Dataset items:
####################

lemma inverse_mult:
  assumes a: "a \<in> Q" and b: "b \<in> Q" shows "(a \<cdot> b)\<^sup>-\<^sup>1 = b\<^sup>-\<^sup>1 \<cdot> a\<^sup>-\<^sup>1"
proof -
  define w where "w = (a \<cdot> b)\<^sup>-\<^sup>1"
  have w: "w \<in> Q" "w\<^sup>-\<^sup>1 = a \<cdot> b"
    unfolding w_def using a b mult_closed inverse_closed inverse_inverse by auto
  have "w \<cdot> a = w \<cdot> (w\<^sup>-\<^sup>1 \<cdot> b\<^sup>-\<^sup>1)"
    using right_inverse_property[OF a b] w(2) by simp
  also have "\<dots> = b\<^sup>-\<^sup>1" using left_inverse_property'[OF w(1) inverse_closed[OF b]] .
  finally have "b\<^sup>-\<^sup>1 \<cdot> a\<^sup>-\<^sup>1 = (w \<cdot> a) \<cdot> a\<^sup>-\<^sup>1" by simp
  then show ?thesis using right_inverse_property[OF w(1) a] w_def by simp
qed

lemma right_bol:
  assumes "a \<in> Q" "b \<in> Q" "c \<in> Q"
  shows "((a \<cdot> b) \<cdot> c) \<cdot> b = a \<cdot> ((b \<cdot> c) \<cdot> b)"
proof -
  have "(((a \<cdot> b) \<cdot> c) \<cdot> b)\<^sup>-\<^sup>1 = b\<^sup>-\<^sup>1 \<cdot> (c\<^sup>-\<^sup>1 \<cdot> (b\<^sup>-\<^sup>1 \<cdot> a\<^sup>-\<^sup>1))"
    using assms by (simp add: inverse_mult mult_closed)
  also have "\<dots> = ((b\<^sup>-\<^sup>1 \<cdot> c\<^sup>-\<^sup>1) \<cdot> b\<^sup>-\<^sup>1) \<cdot> a\<^sup>-\<^sup>1"
    using assms by (simp add: moufang_identity inverse_closed)
  also have "\<dots> = (a \<cdot> ((b \<cdot> c) \<cdot> b))\<^sup>-\<^sup>1"
    using assms by (simp add: inverse_mult mult_closed flexible inverse_closed)
  finally show ?thesis
    using assms inverse_inverse mult_closed by metis
qed

lemma loop_pow_closed: "u \<in> Q \<Longrightarrow> loop_pow mult e u n \<in> Q"
  by (induction n) (simp_all add: unit_closed mult_closed)

lemma loop_pow_mult_self:
  assumes u: "u \<in> Q" shows "loop_pow mult e u n \<cdot> u = loop_pow mult e u (Suc n)"
proof (induction n)
  case 0
  then show ?case by (simp add: u left_unit right_unit)
next
  case (Suc n)
  then show ?case by (simp add: u flexible loop_pow_closed)
qed

lemma loop_pow_mult_eq_funpow:
  "u \<in> Q \<Longrightarrow> a \<in> Q \<Longrightarrow> loop_pow mult e u n \<cdot> a = (mult u ^^ n) a"
proof (induction n arbitrary: a rule: induct_nat_012)
  case 0
  then show ?case by (simp add: left_unit)
next
  case 1
  then show ?case by (simp add: right_unit)
next
  case (ge2 n)
  have "loop_pow mult e u (Suc (Suc n)) = u \<cdot> (loop_pow mult e u n \<cdot> u)"
    using loop_pow_mult_self[OF ge2.prems(1)] by simp
  also have "\<dots> = (u \<cdot> loop_pow mult e u n) \<cdot> u"
    using ge2.prems by (simp add: flexible loop_pow_closed)
  finally have "loop_pow mult e u (Suc (Suc n)) = (u \<cdot> loop_pow mult e u n) \<cdot> u" .
  then have "loop_pow mult e u (Suc (Suc n)) \<cdot> a = u \<cdot> (loop_pow mult e u n \<cdot> (u \<cdot> a))"
    using ge2.prems by (simp add: moufang_identity loop_pow_closed)
  also have "\<dots> = (mult u ^^ Suc (Suc n)) a"
    using ge2.prems ge2.IH(1)[of "u \<cdot> a"] by (simp add: mult_closed funpow_swap1)
  finally show ?case .
qed

lemma cycle_length_left_mult: "u \<in> Q \<Longrightarrow> a \<in> Q \<Longrightarrow> cycle_length (mult u) a = loop_order mult e u"
proof -
  assume u: "u \<in> Q" and a: "a \<in> Q"
  have "(mult u ^^ n) a = a \<longleftrightarrow> loop_pow mult e u n = e" for n
    using loop_pow_mult_eq_funpow[OF u a, of n] right_cancel[OF a loop_pow_closed[OF u] unit_closed]
    by (auto simp: left_unit a)
  then show ?thesis unfolding cycle_length_def loop_order_def by simp
qed

lemma
  assumes "subloop S Q mult e"
  shows subloop_subset: "S \<subseteq> Q"
    and subloop_unit: "e \<in> S"
    and subloop_mult_closed: "a \<in> S \<Longrightarrow> b \<in> S \<Longrightarrow> a \<cdot> b \<in> S"
  using assms by (simp_all add: subloop_def loop_def)
lemma alt_related_iff_permutes:
  assumes "distinct l"
  shows "alt_related l ys \<longleftrightarrow> (\<exists>q. q permutes set l \<and> evenperm q \<and> ys = map q l)"
proof -
  let ?I = "{..<length l}"
  have bij: "bij_betw ((!) l) ?I (set l)" using assms by (intro bij_betw_nth) auto
  have inj: "inj_on ((!) l) ?I" using bij by (rule bij_betw_imp_inj_on)
  have "alt_related l ys \<longleftrightarrow>
      (\<exists>p. p permutes ?I \<and> evenperm p \<and> ys = map (map_permutation ?I ((!) l) p) l)"
    unfolding alt_related_def using map_nth_eq_map_permutation[OF assms] by (intro ex_cong1) auto
  also have "\<dots> \<longleftrightarrow> (\<exists>q. q permutes set l \<and> evenperm q \<and> ys = map q l)"
  proof
    assume "\<exists>p. p permutes ?I \<and> evenperm p \<and> ys = map (map_permutation ?I ((!) l) p) l"
    then obtain p where p: "p permutes ?I" "evenperm p" "ys = map (map_permutation ?I ((!) l) p) l"
      by blast
    then show "\<exists>q. q permutes set l \<and> evenperm q \<and> ys = map q l"
      using map_permutation_permutes[OF bij p(1)] evenperm_map_permutation[OF inj p(1)] by auto
  next
    assume "\<exists>q. q permutes set l \<and> evenperm q \<and> ys = map q l"
    then obtain q where q: "q permutes set l" "evenperm q" "ys = map q l" by blast
    define p where "p = map_permutation (set l) (inv_into ?I ((!) l)) q"
    have "bij_betw (inv_into ?I ((!) l)) (set l) ?I" by (rule bij_betw_inv_into[OF bij])
    then have "p permutes ?I" "evenperm p"
      unfolding p_def using q(1,2)
      by (auto simp: evenperm_map_permutation bij_betw_imp_inj_on intro: map_permutation_permutes)
    moreover have "map_permutation ?I ((!) l) p = q"
      unfolding p_def using bij_betw_inv_into[OF bij] q(1)
      by (rule map_permutation_compose_inv) (use bij in \<open>simp add: bij_betw_def f_inv_into_f\<close>)
    ultimately show "\<exists>p. p permutes ?I \<and> evenperm p \<and> ys = map (map_permutation ?I ((!) l) p) l"
      using q(3) by blast
  qed
  finally show ?thesis .
qed

lemma alt_orbit_eq:
  assumes "distinct l"
  shows "alt_orbit l = {map q l | q. q permutes set l \<and> evenperm q}"
  unfolding alt_orbit_def alt_related_iff_permutes[OF assms] by blast

lemma map_eq_imp_permutes_eq:
  assumes "map p l = map q l" "p permutes set l" "q permutes set l"
  shows "p = q"
proof
  fix x show "p x = q x"
    using assms by (cases "x \<in> set l") (auto simp: permutes_not_in map_eq_conv)
qed

lemma alt_orbit_map_subset:
  assumes l: "distinct l" and q: "q permutes set l" "evenperm q"
  shows "alt_orbit (map q l) \<subseteq> alt_orbit l"
proof
  have ql: "distinct (map q l)" "set (map q l) = set l"
    using l q(1) by (auto simp: distinct_map permutes_inj_on permutes_image)
  fix ys assume "ys \<in> alt_orbit (map q l)"
  then obtain r where r: "r permutes set l" "evenperm r" "ys = map (r \<circ> q) l"
    unfolding alt_orbit_eq[OF ql(1)] ql(2) by auto
  have "r \<circ> q permutes set l" "evenperm (r \<circ> q)"
    using r q permutes_compose[OF q(1) r(1)]
      evenperm_comp[OF permutes_imp_permutation[OF finite_set r(1)] permutes_imp_permutation[OF finite_set q(1)]]
    by auto
  then show "ys \<in> alt_orbit l" unfolding alt_orbit_eq[OF l] using r(3) by blast
qed

lemma alt_orbit_map_eq_iff:
  assumes l: "distinct l" and q: "q permutes set l"
  shows "alt_orbit (map q l) = alt_orbit l \<longleftrightarrow> evenperm q"
proof -
  have ql: "distinct (map q l)" "set (map q l) = set l"
    using l q by (auto simp: distinct_map permutes_inj_on permutes_image)
  show ?thesis
  proof
    assume eq: "alt_orbit (map q l) = alt_orbit l"
    have "map q l \<in> alt_orbit (map q l)"
      unfolding alt_orbit_eq[OF ql(1)] by (auto intro!: exI[of _ id] permutes_id)
    then obtain r where "r permutes set l" "evenperm r" "map q l = map r l"
      unfolding eq alt_orbit_eq[OF l] by blast
    then show "evenperm q" using map_eq_imp_permutes_eq q by metis
  next
    assume even: "evenperm q"
    have "alt_orbit (map (Hilbert_Choice.inv q) (map q l)) \<subseteq> alt_orbit (map q l)"
      using alt_orbit_map_subset[OF ql(1)] ql(2) permutes_inv[OF q] even
        evenperm_inv[OF permutes_imp_permutation[OF finite_set q]] by simp
    moreover have "map (Hilbert_Choice.inv q) (map q l) = l"
      using permutes_inverses(2)[OF q] by (simp add: map_idI)
    ultimately show "alt_orbit (map q l) = alt_orbit l"
      using alt_orbit_map_subset[OF l q even] by auto
  qed
qed

lemma Delta_map_alt_orbit: "Delta_map f (alt_orbit l) = alt_orbit (map f l)"
proof -
  let ?P = "{p. p permutes {..<length l} \<and> evenperm p}"
  have "Delta_map f (alt_orbit l) = (\<lambda>p. map f (map (\<lambda>i. l ! p i) [0..<length l])) ` ?P"
    unfolding Delta_map_def alt_orbit_def alt_related_def by blast
  also have "\<dots> = (\<lambda>p. map (\<lambda>i. map f l ! p i) [0..<length l]) ` ?P"
  proof (rule image_cong[OF refl])
    fix p assume "p \<in> ?P"
    then have "p i < length l" if "i < length l" for i
      using permutes_in_image that by fastforce
    then show "map f (map (\<lambda>i. l ! p i) [0..<length l]) = map (\<lambda>i. map f l ! p i) [0..<length l]"
      by simp
  qed
  also have "\<dots> = alt_orbit (map f l)"
    unfolding alt_orbit_def alt_related_def by auto
  finally show ?thesis .
qed

section \<open>Double covers and their sections\<close>

locale double_cover =
  fixes Z :: "'z set" and Z0 :: "'y set" and \<pi> :: "'z \<Rightarrow> 'y"
  assumes finite_total: "finite Z"
    and maps_to_base: "\<And>z. z \<in> Z \<Longrightarrow> \<pi> z \<in> Z0"
    and card_fibre: "\<And>y. y \<in> Z0 \<Longrightarrow> card {z \<in> Z. \<pi> z = y} = 2"
begin

abbreviation \<sigma> :: "'z \<Rightarrow> 'z" where "\<sigma> \<equiv> sheet_swap Z \<pi>"

lemma fibre_eq:
  assumes z: "z \<in> Z"
  shows "{x \<in> Z. \<pi> x = \<pi> z} = {z, \<sigma> z}" and "\<sigma> z \<noteq> z"
proof -
  obtain w where w: "{x \<in> Z. \<pi> x = \<pi> z} = {z, w}" "w \<noteq> z"
  proof -
    obtain a b where ab: "{x \<in> Z. \<pi> x = \<pi> z} = {a, b}" "a \<noteq> b"
      using card_fibre[OF maps_to_base[OF z]] by (auto simp: card_2_iff)
    then have "z = a \<or> z = b" using z by blast
    then show thesis
    proof
      assume "z = a" then show thesis using that[of b] ab by simp
    next
      assume "z = b" then show thesis using that[of a] ab by (simp add: insert_commute)
    qed
  qed
  have "\<sigma> z = w"
    unfolding sheet_swap_def by (rule the_equality) (use w in blast)+
  then show "{x \<in> Z. \<pi> x = \<pi> z} = {z, \<sigma> z}" and "\<sigma> z \<noteq> z" using w by simp_all
qed

lemma sheet_swap_in_fibre:
  assumes "z \<in> Z" shows "\<sigma> z \<in> Z" and "\<pi> (\<sigma> z) = \<pi> z"
  using fibre_eq(1)[OF assms] by blast+

lemma fibre_cases: "z \<in> Z \<Longrightarrow> x \<in> Z \<Longrightarrow> \<pi> x = \<pi> z \<Longrightarrow> x = z \<or> x = \<sigma> z"
  using fibre_eq(1) by blast

lemma sheet_swap_sheet_swap [simp]:
  assumes "z \<in> Z" shows "\<sigma> (\<sigma> z) = z"
proof -
  have "\<sigma> (\<sigma> z) = z \<or> \<sigma> (\<sigma> z) = \<sigma> z"
    using assms by (intro fibre_cases) (simp_all add: sheet_swap_in_fibre)
  then show ?thesis using fibre_eq(2)[OF sheet_swap_in_fibre(1)[OF assms]] by blast
qed

lemma inj_on_sheet_swap: "inj_on \<sigma> Z"
  by (metis inj_onI sheet_swap_sheet_swap)

lemma restrict_id_sheet_swap_permutes: "restrict_id \<sigma> Z permutes Z"
  by (rule bij_imp_permutes, rule bij_betw_byWitness[where f' = "restrict_id \<sigma> Z"])
    (auto simp: restrict_id_def sheet_swap_in_fibre)

lemma ex_in_fibre: "y \<in> Z0 \<Longrightarrow> \<exists>z \<in> Z. \<pi> z = y"
  using card_fibre[of y] by (metis (mono_tags, lifting) card.empty empty_Collect_eq zero_neq_numeral)

lemma finite_base: "finite Z0"
proof (rule finite_subset[OF _ finite_imageI[OF finite_total]])
  show "Z0 \<subseteq> \<pi> ` Z" using ex_in_fibre by blast
qed

lemma sections_iff: "\<omega> \<in> sections Z Z0 \<pi> \<longleftrightarrow> \<omega> \<subseteq> Z \<and> (\<forall>z\<in>Z. z \<in> \<omega> \<longleftrightarrow> \<sigma> z \<notin> \<omega>)"
proof
  assume "\<omega> \<in> sections Z Z0 \<pi>"
  then have sub: "\<omega> \<subseteq> Z" and inj: "inj_on \<pi> \<omega>" and img: "\<pi> ` \<omega> = Z0"
    by (auto simp: sections_def bij_betw_def)
  show "\<omega> \<subseteq> Z \<and> (\<forall>z\<in>Z. z \<in> \<omega> \<longleftrightarrow> \<sigma> z \<notin> \<omega>)"
  proof (intro conjI sub ballI iffI notI)
    fix z assume z: "z \<in> Z" and "z \<in> \<omega>" "\<sigma> z \<in> \<omega>"
    then have "\<sigma> z = z" by (intro inj_onD[OF inj sheet_swap_in_fibre(2)[OF z]])
    then show False using fibre_eq(2)[OF z] by simp
  next
    fix z assume z: "z \<in> Z" and "\<sigma> z \<notin> \<omega>"
    have "\<pi> z \<in> \<pi> ` \<omega>" using img maps_to_base[OF z] by simp
    then obtain w where w: "w \<in> \<omega>" "\<pi> w = \<pi> z" by (metis imageE)
    then have "w = z \<or> w = \<sigma> z" using sub by (intro fibre_cases[OF z]) auto
    then show "z \<in> \<omega>" using w(1) \<open>\<sigma> z \<notin> \<omega>\<close> by auto
  qed
next
  assume "\<omega> \<subseteq> Z \<and> (\<forall>z\<in>Z. z \<in> \<omega> \<longleftrightarrow> \<sigma> z \<notin> \<omega>)"
  then have sub: "\<omega> \<subseteq> Z" and mem: "\<And>z. z \<in> Z \<Longrightarrow> z \<in> \<omega> \<longleftrightarrow> \<sigma> z \<notin> \<omega>" by auto
  have "inj_on \<pi> \<omega>"
  proof (rule inj_onI)
    fix x y assume "x \<in> \<omega>" "y \<in> \<omega>" "\<pi> x = \<pi> y"
    then show "x = y" using fibre_cases[of x y] mem[of x] sub by auto
  qed
  moreover have "Z0 \<subseteq> \<pi> ` \<omega>"
  proof
    fix y assume y: "y \<in> Z0"
    obtain z where z: "z \<in> Z" "\<pi> z = y" using ex_in_fibre[OF y] by blast
    then show "y \<in> \<pi> ` \<omega>"
      using mem[OF z(1)] sheet_swap_in_fibre(2)[OF z(1)] image_eqI[of y \<pi> z \<omega>]
        image_eqI[of y \<pi> "\<sigma> z" \<omega>] by auto
  qed
  ultimately show "\<omega> \<in> sections Z Z0 \<pi>"
    using sub maps_to_base by (auto simp: sections_def bij_betw_def)
qed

####################

> _Work task_:
Report the lines above that contain "finally".

> _Written reply_:
  finally have "b\<^sup>-\<^sup>1 \<cdot> a\<^sup>-\<^sup>1 = (w \<cdot> a) \<cdot> a\<^sup>-\<^sup>1" by simp
  finally show ?thesis
  finally have "loop_pow mult e u (Suc (Suc n)) = (u \<cdot> loop_pow mult e u n) \<cdot> u" .
  finally show ?case .
  finally show ?thesis .
  finally show ?thesis .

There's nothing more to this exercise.